The U.S. Court of Appeals for the Second Circuit yesterday became the third federal circuit court to hold that the interactive space of a government official’s social media account is subject to First Amendment strictures. In Knight First Amendment Institute at Columbia Univ., et al. v. Donald J. Trump, et al., No. 18-1691, 2019 WL 2932440 (2d Cir. July 9, 2019), the court unanimously affirmed a district court judgment holding that President Trump violated the First Amendment when he blocked from his Twitter account certain people whose viewpoints he did not like. Although social media blocking cases are relatively new—the first court decision was issued in 2017—there are several cases pending in federal courts around the country and others have settled out of court. The Knight opinion certainly will influence how such cases are resolved in the future. And given the widespread attention it has received since it involves President Trump, the opinion likely will cause many public officials to think twice before blocking people on social media.
The Knight case was filed by a handful of citizens who claimed that President Trump violated the First Amendment by blocking them from his Twitter account, @realDonaldTrump, after they posted critical commentary about the administration’s policies.
The parties stipulated to certain facts concerning President Trump’s use of social media and his reasons for blocking certain users, leaving only the legal question of whether, by blocking such users based on their viewpoint, the President violated the First Amendment.

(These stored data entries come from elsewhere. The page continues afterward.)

lemma max_affine_le_iff:
  assumes "finite C" "C \<noteq> {}"
  shows "max_affine C x \<le> t \<longleftrightarrow> (\<forall>(a, b)\<in>C. a \<bullet> x + b \<le> t)"
  using assms by (auto simp: max_affine_def)

lemma max_affine_ge:
  assumes "finite C" "(a, b) \<in> C"
  shows "a \<bullet> x + b \<le> max_affine C x"
  using assms unfolding max_affine_def by (auto intro!: Max_ge)

lemma convex_on_max_affine:
  assumes "finite C" "C \<noteq> {}"
  shows "convex_on UNIV (max_affine C)"
proof (rule convex_onI)
  fix t :: real and x y
  assume t: "0 < t" "t < 1"
  show "max_affine C ((1 - t) *\<^sub>R x + t *\<^sub>R y) \<le> (1 - t) * max_affine C x + t * max_affine C y"
    unfolding max_affine_le_iff[OF assms]
  proof clarify
    fix a b assume ab: "(a, b) \<in> C"
    have "(1 - t) * (a \<bullet> x + b) + t * (a \<bullet> y + b) \<le> (1 - t) * max_affine C x + t * max_affine C y"
      using t max_affine_ge[OF assms(1) ab] by (intro add_mono mult_left_mono) auto
    then show "a \<bullet> ((1 - t) *\<^sub>R x + t *\<^sub>R y) + b \<le> (1 - t) * max_affine C x + t * max_affine C y"
      by (simp add: inner_add_right algebra_simps)
  qed
qed simp

lemma continuous_on_max_affine:
  assumes "finite C" "C \<noteq> {}" "continuous_on S g"
  shows "continuous_on S (\<lambda>x. max_affine C (g x))"
  using continuous_on_compose2[OF convex_on_continuous[OF open_UNIV convex_on_max_affine[OF assms(1,2)]] assms(3)]
  by simp

lemma ereal_eq_if_le_iff:
  assumes "\<And>t. u \<le> ereal t \<longleftrightarrow> Q \<and> m \<le> t"
  shows "u = (if Q then ereal m else \<infinity>)"
proof (cases Q)
  case True
  have "u \<le> ereal m" using assms True by simp
  moreover have "ereal m \<le> u"
    by (rule ereal_le_real) (use assms True in auto)
  ultimately show ?thesis using True by simp
next
  case False
  then show ?thesis
    using assms[of 0] assms[of "real_of_ereal u"] by (cases u) auto
qed

lemma epigraph_inequality_system:
  fixes f :: "real^'n::finite \<Rightarrow> ereal"
  assumes "polyhedron (epigraph f)"
  obtains C :: "(((real^'n) \<times> real) \<times> real) set"
  where "finite C" "\<And>x t. f x \<le> ereal t \<longleftrightarrow> (\<forall>(a, b)\<in>C. fst a \<bullet> x + snd a * t \<le> b)"
proof -
  obtain F where F: "finite F" "epigraph f = \<Inter>F"
    and halfspaces: "\<forall>h\<in>F. \<exists>a b. a \<noteq> 0 \<and> h = {x. a \<bullet> x \<le> b}"
    using assms unfolding polyhedron_def by blast
  have "\<forall>h\<in>F. \<exists>ab. h = {p. fst ab \<bullet> p \<le> snd ab}" using halfspaces by force
  then obtain g where g: "\<And>h. h \<in> F \<Longrightarrow> h = {p. fst (g h) \<bullet> p \<le> snd (g h)}" by metis
  have sys: "f x \<le> ereal t \<longleftrightarrow> (\<forall>(a, b)\<in>g ` F. fst a \<bullet> x + snd a * t \<le> b)" for x t
  proof -
    have "f x \<le> ereal t \<longleftrightarrow> (x, t) \<in> \<Inter>F" using F(2) unfolding epigraph_def by blast
    also have "\<dots> \<longleftrightarrow> (\<forall>h\<in>F. fst (g h) \<bullet> (x, t) \<le> snd (g h))" using g by blast
    finally show ?thesis by (simp add: inner_prod_def split_def)
  qed
  show ?thesis by (rule that[OF _ sys]) (simp add: F(1))
qed

lemma epigraph_inequality_nonpos:
  assumes sys: "\<And>x t. f x \<le> ereal t \<longleftrightarrow> (\<forall>(a, b)\<in>C. fst a \<bullet> x + snd a * t \<le> b)"
    and fy: "f y = ereal r" and ab: "(a, b) \<in> C"
  shows "snd a \<le> 0"
proof (rule ccontr)
  assume "\<not> snd a \<le> 0"
  then have pos: "snd a > 0" by simp
  define t where "t = max r ((b - fst a \<bullet> y) / snd a + 1)"
  have "fst a \<bullet> y + snd a * t \<le> b"
    using sys[of y t] fy ab by (auto simp: t_def)
  moreover have "snd a * ((b - fst a \<bullet> y) / snd a + 1) \<le> snd a * t"
    using pos by (intro mult_left_mono) (auto simp: t_def)
  moreover have "snd a * ((b - fst a \<bullet> y) / snd a + 1) = b - fst a \<bullet> y + snd a"
    using pos by (simp add: field_simps)
  ultimately show False using pos by linarith
qed

lemma affine_le_iff_solve:
  fixes a :: "'a::real_inner"
  assumes "c < 0"
  shows "a \<bullet> x + c * t \<le> b \<longleftrightarrow> (-1 / c) *\<^sub>R a \<bullet> x + b / c \<le> t"
proof -
  have "a \<bullet> x + c * t \<le> b \<longleftrightarrow> (b - a \<bullet> x) / c \<le> t"
    using assms by (simp add: divide_le_eq algebra_simps)
  also have "(b - a \<bullet> x) / c = (-1 / c) *\<^sub>R a \<bullet> x + b / c"
    by (simp add: field_simps add_divide_distrib[symmetric])
  finally show ?thesis .
qed
(* Let $n\ge2$, $b\ge2$. Let $\mu_1,\mu_2,\dots$ be i.i.d. random permutations in $S_n$ with law $Q_b$, and define $\tau_0=\mathrm{id}$ and $\tau_r=\tau_{r-1}\circ\mu_r$ (i.e. $\tau_r(p)=\tau_{r-1}(\mu_r(p))$), the arrangement after $r$ successive $b$-shuffles. Then $(d(\tau_r^{-1}))_{r\ge0}$ is a Markov chain on $\{0,\dots,n-1\}$ with stationary distribution $\pi(j)=A(n,j)/n!$, and its transition matrix $K$ satisfies $K(i,j)=\pi(j)P_b(j,i)/\pi(i)$ for all $i,j$; that is, the formal time reversal of this chain with respect to $\pi$ is exactly the base-$b$ carries chain $P_b$.
   Context: For $\sigma\in S_n$, $\sigma$ has a descent at $i$ ($1\le i\le n-1$) if $\sigma(i+1)<\sigma(i)$; $d(\sigma)$ is the number of descents, and $A(n,j)$ (Eulerian number) is the number of $\sigma\in S_n$ with $d(\sigma)=j$. Binomial convention: $\binom{m}{n}=\frac{m(m-1)\cdots(m-n+1)}{n!}$ if $m\ge n$, and $0$ if $m<n$. The $b$-shuffle measure is $Q_b(\sigma)=\binom{n+b-d(\sigma^{-1})-1}{n}/b^n$ on $S_n$. The base-$b$ carries chain for adding $n$ numbers is the Markov chain on $\{0,\dots,n-1\}$ given by $\kappa_0=0$, $\kappa_{t+1}=\lfloor(\kappa_t+X_{t+1,1}+\dots+X_{t+1,n})/b\rfloor$ with $X_{t,k}$ i.i.d. uniform on $\{0,\dots,b-1\}$; its transition matrix is $P_b(i,j)=b^{-n}\sum_{l=0}^{j-\lfloor i/b\rfloor}(-1)^l\binom{n+1}{l}\binom{n-1-i+(j+1-l)b}{n}$. *)

theory Defs
  imports Complex_Main "HOL-Combinatorics.Permutations"
begin

definition des :: "nat \<Rightarrow> (nat \<Rightarrow> nat) \<Rightarrow> nat" where
  "des n \<sigma> = card {i \<in> {1..n-1}. \<sigma> (i+1) < \<sigma> i}"

definition eulerian :: "nat \<Rightarrow> nat \<Rightarrow> nat" where
  "eulerian n j = card {\<sigma>. \<sigma> permutes {1..n} \<and> des n \<sigma> = j}"
(*
  Let N = C(n,k).  Following Baranyai, the k-subsets of {1..n} can be placed into N slots,
  grouped into blocks of s slots, such that the sets in each block are pairwise disjoint,
  provided s * k <= n: the elements 1, ..., n are added one at a time, the fractional
  assignment in which slot p receives the next element t + 1 with weight (k - |B p|) / (n - t)
  meets every counting constraint, and cancelling alternating cycles rounds it to an integral
  one.  Each block is an independent set of the complement of the Kneser graph, so chi <= c
  whenever N <= s * c.

  It remains to show N <= s * t2(n,k).  With M = ceil(n/2) the hockey-stick identity gives
  N = sum_{i=1..M} C(n-i,k-1) + C(n-M,k), the floors in t2 lose less than M * l, and
  2^k * C(n-M,k) <= C(2(n-M),k) <= N.  The resulting polynomial inequality holds for large s;
  the finitely many remaining cases (k = 3, s = 17, 18 and k = 4, s = 7, 8) are computed.
*)

theory Submission
  imports Defs
begin

section \<open>Integral rounding of fractional transportation problems\<close>

definition class_sum :: "'p set \<Rightarrow> ('p \<Rightarrow> 'i) \<Rightarrow> ('p \<Rightarrow> real) \<Rightarrow> 'i \<Rightarrow> real" where
  "class_sum P \<kappa> x i = (\<Sum>p\<in>{p\<in>P. \<kappa> p = i}. x p)"

lemma sum_class_sums:
  assumes "finite Q"
  shows "(\<Sum>i\<in>\<kappa> ` Q. class_sum Q \<kappa> y i) = sum y Q"
  unfolding class_sum_def using assms by (rule sum.image_gen[symmetric])

lemma class_sum_Inl_Inr:
  assumes "finite A" "finite B"
  shows "class_sum (Inl ` A \<union> Inr ` B) \<kappa> z i
       = class_sum A (\<kappa> \<circ> Inl) (z \<circ> Inl) i + class_sum B (\<kappa> \<circ> Inr) (z \<circ> Inr) i"
proof -
  have split: "{q\<in>Inl ` A \<union> Inr ` B. \<kappa> q = i}
      = Inl ` {p\<in>A. \<kappa> (Inl p) = i} \<union> Inr ` {p\<in>B. \<kappa> (Inr p) = i}"
    by auto
  show ?thesis
    unfolding class_sum_def split using assms by (subst sum.union_disjoint) (auto simp: sum.reindex)
qed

The district court held that he did.
On President Trump’s appeal, the Second Circuit unanimously affirmed, adding to a growing body of federal court decisions that have highlighted the increasing importance social media plays in today’s society. There are several notable takeaways from the opinion.
The opinion offers a summary framework for determining whether a government official’s social media page is a public forum subject to the First Amendment. It instructs that courts should consider “how the official describes and uses the account; to whom features of the account are made available; and how others, government officials and agencies, regard and treat the account.” Applying this framework, the court had no trouble finding that the interactive portion of President Trump’s Twitter account constitutes a public forum and that he violated the First Amendment by blocking individuals from the account based on their viewpoints.

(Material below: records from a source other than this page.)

lemma derivative_unique_on_open:
  fixes f g :: "real \<Rightarrow> real"
  assumes "open S" "t \<in> S" "\<And>x. x \<in> S \<Longrightarrow> f x = g x"
    and "(f has_real_derivative d) (at t)" "(g has_real_derivative e) (at t)"
  shows "d = e"
proof -
  have "(g has_real_derivative d) (at t)"
    using has_field_derivative_transform_within_open[OF assms(4,1,2)] assms(3) by blast
  with assms(5) show ?thesis by (rule DERIV_unique[rotated])
qed

lemma unit_sign_cancel:
  fixes d q h e :: real
  assumes "d * h = e * q" "\<bar>h\<bar> = 1" "e * e = 1" "0 < d" "0 < q"
  shows "h = e \<and> d = q"
proof -
  have "h = 1 \<or> h = -1" "e = 1 \<or> e = -1"
    using assms(2,3) by (auto simp: square_eq_1_iff abs_if split: if_splits)
  then show ?thesis using assms(1,4,5) by auto
qed

lemma derivative_sq_eq_imp_signed_primitive:
  fixes \<phi> \<phi>' G P :: "real \<Rightarrow> real"
  assumes J: "is_interval J"
    and \<phi>': "\<And>t. t \<in> J \<Longrightarrow> (\<phi> has_real_derivative \<phi>' t) (at t) \<and> \<phi>' t \<noteq> 0"
    and G: "\<And>t. t \<in> J \<Longrightarrow> (G has_real_derivative P t) (at t)"
    and P: "\<And>t. t \<in> J \<Longrightarrow> 0 < P t" and sq: "\<And>t. t \<in> J \<Longrightarrow> (\<phi>' t)^2 = (P t)^2"
  shows "\<exists>\<sigma> d. \<sigma> * \<sigma> = 1 \<and> (\<forall>t\<in>J. \<phi> t = \<sigma> * G t + d)"
proof -
  obtain \<sigma> where \<sigma>: "\<sigma> * \<sigma> = 1" "\<And>t. t \<in> J \<Longrightarrow> \<phi>' t = \<sigma> * P t"
  proof -
    from nonzero_derivative_sign_constant[OF J, of \<phi> \<phi>'] \<phi>'
    consider "\<forall>t\<in>J. 0 < \<phi>' t" | "\<forall>t\<in>J. \<phi>' t < 0" by blast
    then show thesis
    proof cases
      case 1
      then have "\<phi>' t = 1 * P t" if "t \<in> J" for t
        using sq[OF that] P[OF that] that by (auto simp: power2_eq_iff)
      then show thesis using that[of 1] by simp
    next
      case 2
      then have "\<phi>' t = -1 * P t" if "t \<in> J" for t
        using sq[OF that] P[OF that] that by (auto simp: power2_eq_iff)
      then show thesis using that[of "-1"] by simp
    qed
  qed
  have "((\<lambda>t. \<sigma> * G t) has_real_derivative \<phi>' t) (at t)" if "t \<in> J" for t
    using DERIV_cmult[OF G[OF that], of \<sigma>] \<sigma>(2)[OF that] by simp
  then obtain d where "\<And>t. t \<in> J \<Longrightarrow> \<phi> t = \<sigma> * G t + d"
    using same_derivative_imp_diff_const[of J \<phi> \<phi>' "\<lambda>t. \<sigma> * G t"] J \<phi>'
    by (metis is_interval_convex_1)
  with \<sigma>(1) show ?thesis by blast
qed

section \<open>Rectifying curves and the quadratic position law\<close>

lemma rectifying_imp_quadratic_position:
  assumes I: "open_interval I" and F: "nonnull_frenet_frame \<alpha> I T N1 N2"
    and eT: "\<And>s. s \<in> I \<Longrightarrow> mink (T s) (T s) = \<epsilon>" and \<epsilon>: "\<epsilon> * \<epsilon> = 1"
    and R: "rectifying_curve \<alpha> I T N2"
  obtains c K where "\<And>s. s \<in> I \<Longrightarrow> mink (\<alpha> s) (\<alpha> s) = \<epsilon> * (s + c)^2 + K"
proof -
  have "convex I" using I by (simp add: open_interval_def is_interval_convex_1)
  obtain \<kappa> where \<kappa>: "\<And>s. s \<in> I \<Longrightarrow> (T has_vector_derivative \<kappa> s *\<^sub>R N1 s) (at s)"
    using F unfolding nonnull_frenet_frame_def by blast
  note \<alpha>' = nonnull_frenet_frame_tangent[OF F]
  have "mink (\<alpha> s) (N1 s) = 0" if "s \<in> I" for s
    using R nonnull_frenet_frame_orthonormal[OF F that] that
    by (auto simp: rectifying_curve_def mink_orthonormal_def mink_linear mink_commute)
  then have "((\<lambda>s. mink (\<alpha> s) (T s)) has_real_derivative \<epsilon>) (at s)" if "s \<in> I" for s
    using mink_has_real_derivative[OF \<alpha>'[OF that] \<kappa>[OF that]] that eT by (simp add: mink_linear)
  then obtain c0 where c0: "\<And>s. s \<in> I \<Longrightarrow> mink (\<alpha> s) (T s) = \<epsilon> * s + c0"
    by (rule same_derivative_imp_diff_const[OF \<open>convex I\<close>, of _ _ "\<lambda>s. \<epsilon> * s"])
      (auto intro!: derivative_eq_intros)
  have "((\<lambda>s. mink (\<alpha> s) (\<alpha> s)) has_real_derivative 2 * (\<epsilon> * s + c0)) (at s)" if "s \<in> I" for s
    using mink_has_real_derivative[OF \<alpha>'[OF that] \<alpha>'[OF that]] c0[OF that]
    by (simp add: mink_commute)
  moreover have "((\<lambda>s. \<epsilon> * (s + \<epsilon> * c0)^2) has_real_derivative 2 * (\<epsilon> * s + c0)) (at s)" for s
    using \<epsilon> by (auto intro!: derivative_eq_intros simp: algebra_simps)
  ultimately obtain K where "\<And>s. s \<in> I \<Longrightarrow> mink (\<alpha> s) (\<alpha> s) = \<epsilon> * (s + \<epsilon> * c0)^2 + K"
    by (rule same_derivative_imp_diff_const[OF \<open>convex I\<close>]) auto
  then show ?thesis by (rule that)
qed

lemma quadratic_position_tangent_component:
  assumes I: "open_interval I" and F: "nonnull_frenet_frame \<alpha> I T N1 N2"
    and H: "\<And>s. s \<in> I \<Longrightarrow> mink (\<alpha> s) (\<alpha> s) = \<epsilon> * (s + c)^2 + K" and s: "s \<in> I"
  shows "mink (\<alpha> s) (T s) = \<epsilon> * (s + c)"
proof -
  note \<alpha>' = nonnull_frenet_frame_tangent[OF F s]
  have "2 * mink (\<alpha> s) (T s) = 2 * (\<epsilon> * (s + c))"
  proof (rule derivative_unique_on_open)
    show "open I" using I by (simp add: open_interval_def)
    show "((\<lambda>s. mink (\<alpha> s) (\<alpha> s)) has_real_derivative 2 * mink (\<alpha> s) (T s)) (at s)"
      using mink_has_real_derivative[OF \<alpha>' \<alpha>'] by (simp add: mink_commute)
    show "((\<lambda>s. \<epsilon> * (s + c)^2 + K) has_real_derivative 2 * (\<epsilon> * (s + c))) (at s)"
      by (auto intro!: derivative_eq_intros)
  qed (use H s in auto)
  then show ?thesis by simp
qed

lemma quadratic_position_decomposition:
  assumes I: "open_interval I" and F: "nonnull_frenet_frame \<alpha> I T N1 N2"
    and eT: "\<And>s. s \<in> I \<Longrightarrow> mink (T s) (T s) = \<epsilon>" and \<epsilon>: "\<epsilon> * \<epsilon> = 1"
    and H: "\<And>s. s \<in> I \<Longrightarrow> mink (\<alpha> s) (\<alpha> s) = \<epsilon> * (s + c)^2 + K" and s: "s \<in> I"
  shows "\<alpha> s = (s + c) *\<^sub>R T s + (mink (N2 s) (N2 s) * mink (\<alpha> s) (N2 s)) *\<^sub>R N2 s"
proof -
  obtain \<kappa> where \<kappa>: "\<And>s. s \<in> I \<Longrightarrow> (T has_vector_derivative \<kappa> s *\<^sub>R N1 s) (at s) \<and> 0 < \<kappa> s"
    using F unfolding nonnull_frenet_frame_def by blast
  have \<alpha>T: "mink (\<alpha> s) (T s) = \<epsilon> * (s + c)" if "s \<in> I" for s
    using I F H that by (rule quadratic_position_tangent_component)
  have "\<kappa> s * mink (\<alpha> s) (N1 s) + \<epsilon> = \<epsilon>"
  proof (rule derivative_unique_on_open)
    show "open I" using I by (simp add: open_interval_def)
    show "((\<lambda>s. mink (\<alpha> s) (T s)) has_real_derivative \<kappa> s * mink (\<alpha> s) (N1 s) + \<epsilon>) (at s)"
      using mink_has_real_derivative[OF nonnull_frenet_frame_tangent[OF F s] conjunct1[OF \<kappa>[OF s]]]
        eT[OF s]
      by (simp add: mink_linear)
    show "((\<lambda>s. \<epsilon> * (s + c)) has_real_derivative \<epsilon>) (at s)"
      by (auto intro!: derivative_eq_intros)
  qed (use \<alpha>T s in auto)
  then have "mink (\<alpha> s) (N1 s) = 0" using \<kappa>[OF s] by simp
  then show ?thesis
    using mink_orthonormal_expansion[OF nonnull_frenet_frame_orthonormal[OF F s], of "\<alpha> s"]
      eT[OF s] \<alpha>T[OF s] \<epsilon>
    by (simp add: mult.assoc[symmetric])
qed

lemma quadratic_position_imp_rectifying:
  assumes I: "open_interval I" and F: "nonnull_frenet_frame \<alpha> I T N1 N2"
    and eT: "\<And>s. s \<in> I \<Longrightarrow> mink (T s) (T s) = \<epsilon>" and \<epsilon>: "\<epsilon> * \<epsilon> = 1"
    and H: "\<And>s. s \<in> I \<Longrightarrow> mink (\<alpha> s) (\<alpha> s) = \<epsilon> * (s + c)^2 + K"
  shows "rectifying_curve \<alpha> I T N2" and "\<And>s. s \<in> I \<Longrightarrow> 0 < K * mink (N2 s) (N2 s)"
proof -
  note ON = nonnull_frenet_frame_orthonormal[OF F]
  define \<mu> where "\<mu> s = mink (N2 s) (N2 s) * mink (\<alpha> s) (N2 s)" for s
  have dec: "\<alpha> s = (s + c) *\<^sub>R T s + \<mu> s *\<^sub>R N2 s" if "s \<in> I" for s
    unfolding \<mu>_def using I F eT \<epsilon> H that by (rule quadratic_position_decomposition)
  have "\<mu> differentiable (at s)" if s: "s \<in> I" for s
  proof -
    obtain N2' where N2': "(N2 has_vector_derivative N2') (at s)"
      using nonnull_frenet_frame_binormal_differentiable[OF F s]
      by (auto simp: vector_derivative_works)
    have "\<exists>d. (\<mu> has_real_derivative d) (at s)"
      unfolding \<mu>_def
      using DERIV_mult[OF mink_has_real_derivative[OF N2' N2']
          mink_has_real_derivative[OF nonnull_frenet_frame_tangent[OF F s] N2']]
      by blast
    then show ?thesis
      by (auto intro: differentiableI simp: has_field_derivative_def)
  qed
  with dec show "rectifying_curve \<alpha> I T N2"
    unfolding rectifying_curve_def by (intro exI[of _ "\<lambda>s. s + c"] exI[of _ \<mu>]) auto
  have K: "K = mink (N2 s) (N2 s) * (\<mu> s)^2" if s: "s \<in> I" for s
  proof -
    have "mink (\<alpha> s) (\<alpha> s) = \<epsilon> * (s + c)^2 + mink (N2 s) (N2 s) * (\<mu> s)^2"
      using dec[OF s] eT[OF s] ON[OF s]
      by (simp add: mink_linear mink_commute mink_orthonormal_def power2_eq_square algebra_simps)
    then show ?thesis using H[OF s] by simp
  qed
  have "K \<noteq> 0"
  proof
    assume "K = 0"
    then have "\<mu> s = 0" if "s \<in> I" for s
      using K[OF that] ON[OF that] by (auto simp: mink_orthonormal_def)
    then show False
      using position_not_tangent_multiple[OF I F, of c] dec by auto
  qed
  show "0 < K * mink (N2 s) (N2 s)" if s: "s \<in> I" for s
  proof -
    have "K * mink (N2 s) (N2 s) = (\<mu> s)^2"
      using K[OF s] ON[OF s] by (auto simp: mink_orthonormal_def abs_if split: if_splits)
    moreover have "\<mu> s \<noteq> 0" using K[OF s] \<open>K \<noteq> 0\<close> by auto
    ultimately show ?thesis by simp
  qed
qed

lemma rectifying_spacelike_plane_position_spacelike:
  assumes I: "open_interval I" and F: "nonnull_frenet_frame \<alpha> I T N1 N2"
    and R: "rectifying_curve \<alpha> I T N2"
    and TN: "\<forall>s\<in>I. mink (T s) (T s) = 1 \<and> mink (N2 s) (N2 s) = 1" and s: "s \<in> I"
  shows "0 < mink (\<alpha> s) (\<alpha> s)"
proof -
  have eT: "\<And>s. s \<in> I \<Longrightarrow> mink (T s) (T s) = 1" using TN by blast
  obtain c K where H: "\<And>s. s \<in> I \<Longrightarrow> mink (\<alpha> s) (\<alpha> s) = 1 * (s + c)^2 + K"
    using rectifying_imp_quadratic_position[OF I F eT mult_1 R] by blast
  have "0 < K * mink (N2 s) (N2 s)"
    using I F eT mult_1 H s by (rule quadratic_position_imp_rectifying(2))
  then show ?thesis using H[OF s] TN s by (simp add: add_nonneg_pos)
qed

section \<open>Generalized trigonometric pairs\<close>

text \<open>\<open>(S, C)\<close> abstracts (sin, cos), (cosh, sinh) and (sinh, cosh); the quotient \<open>S/C\<close> plays
  the role of tan, coth and tanh respectively.\<close>
definition trig_pair :: "real \<Rightarrow> real \<Rightarrow> (real \<Rightarrow> real) \<Rightarrow> (real \<Rightarrow> real) \<Rightarrow> bool" where
  "trig_pair \<rho> k S C \<longleftrightarrow> (\<forall>t. (S has_real_derivative C t) (at t) \<and>
     (C has_real_derivative - \<rho> * S t) (at t) \<and> \<rho> * (S t)^2 + (C t)^2 = k)"

lemma trig_pairD:
  assumes "trig_pair \<rho> k S C"
  shows "(S has_real_derivative C t) (at t)" "(C has_real_derivative - \<rho> * S t) (at t)"
    "\<rho> * (S t)^2 + (C t)^2 = k"
  using assms by (auto simp: trig_pair_def)

text \<open>Since \<open>\<rho> (S/C)\<^sup>2 + 1 = k/C\<^sup>2\<close>, the quotient takes its values
  in \<open>{u. 0 < k (\<rho> u\<^sup>2 + 1)}\<close>, which is where \<open>\<psi>\<close> is required to be defined.\<close>
definition trig_quotient_inverse ::
  "(real \<Rightarrow> real) \<Rightarrow> real set \<Rightarrow> real \<Rightarrow> real \<Rightarrow> (real \<Rightarrow> real) \<Rightarrow> (real \<Rightarrow> real) \<Rightarrow> bool" where
  "trig_quotient_inverse \<psi> D \<rho> k S C \<longleftrightarrow> open D \<and>
     (\<forall>t\<in>D. C t \<noteq> 0 \<and> \<psi> (S t / C t) = t) \<and>
     (\<forall>u. 0 < k * (\<rho> * u^2 + 1) \<longrightarrow> \<psi> u \<in> D \<and> S (\<psi> u) = u * C (\<psi> u)) \<and>
     continuous_on {u. 0 < k * (\<rho> * u^2 + 1)} \<psi>"

lemma trig_pair_sin_cos: "trig_pair 1 1 sin cos"
  unfolding trig_pair_def by (auto intro!: derivative_eq_intros)

lemma trig_pair_cosh_sinh: "trig_pair (-1) (-1) cosh sinh"
  unfolding trig_pair_def by (auto intro!: derivative_eq_intros simp: cosh_square_eq)

lemma trig_pair_sinh_cosh: "trig_pair (-1) 1 sinh cosh"
  unfolding trig_pair_def by (auto intro!: derivative_eq_intros simp: cosh_square_eq)

lemma tanh_artanh_real:
  fixes x :: real assumes "\<bar>x\<bar> < 1" shows "tanh (artanh x) = x"
proof -
  define q where "q = (1 + x) / (1 - x)"
  have q: "q > 0" using assms by (auto simp: q_def)
  have "exp (- 2 * artanh x) = 1 / q"
    using q by (simp add: artanh_def q_def[symmetric] exp_minus exp_ln inverse_eq_divide)
  then have "tanh (artanh x) = (1 - 1/q) / (1 + 1/q)" by (simp add: tanh_real_altdef)
  also have "\<dots> = x" using assms q by (simp add: q_def field_simps)
  finally show ?thesis .
qed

The court also resolved procedural questions of standing and mootness in favor of the blocked users. President Trump argued that blocking the plaintiffs from his Twitter account did not deprive them of their right to free speech under the First Amendment, citing the plaintiffs’ ability to engage with his Twitter account using certain “workarounds” such as “creating new accounts, logging out to view the President’s tweets, and using Twitter’s search functions to find tweets about the President posted by other users with which they can engage.” The court disagreed and made clear that “burdens to speech as well as outright bans run afoul of the First Amendment.” The court also concluded that an institutional plaintiff, a would-be reader of the blocked social media users’ posts, has standing to sue. It also held that the President’s act of unblocking the plaintiffs after the court issued its declaratory judgment did not moot the case.
Finally, the court observed that, “as a general matter, social media is entitled to the same First Amendment protections as other forms of media.” The reasoning in Knight will no doubt be applied by courts in cases involving public officials blocking citizens from their accounts on other social media platforms, such as Facebook and LinkedIn.
Ashley I. Kissinger and J. Matthew Thornton, together with the ACLU and Ballard Spahr attorney Mack Wilding, represent the plaintiff in Landman v. Scott, No. 1:19-cv-01367 (D. Colo.), a social media blocking case pending against Colorado State Senator Ray Scott.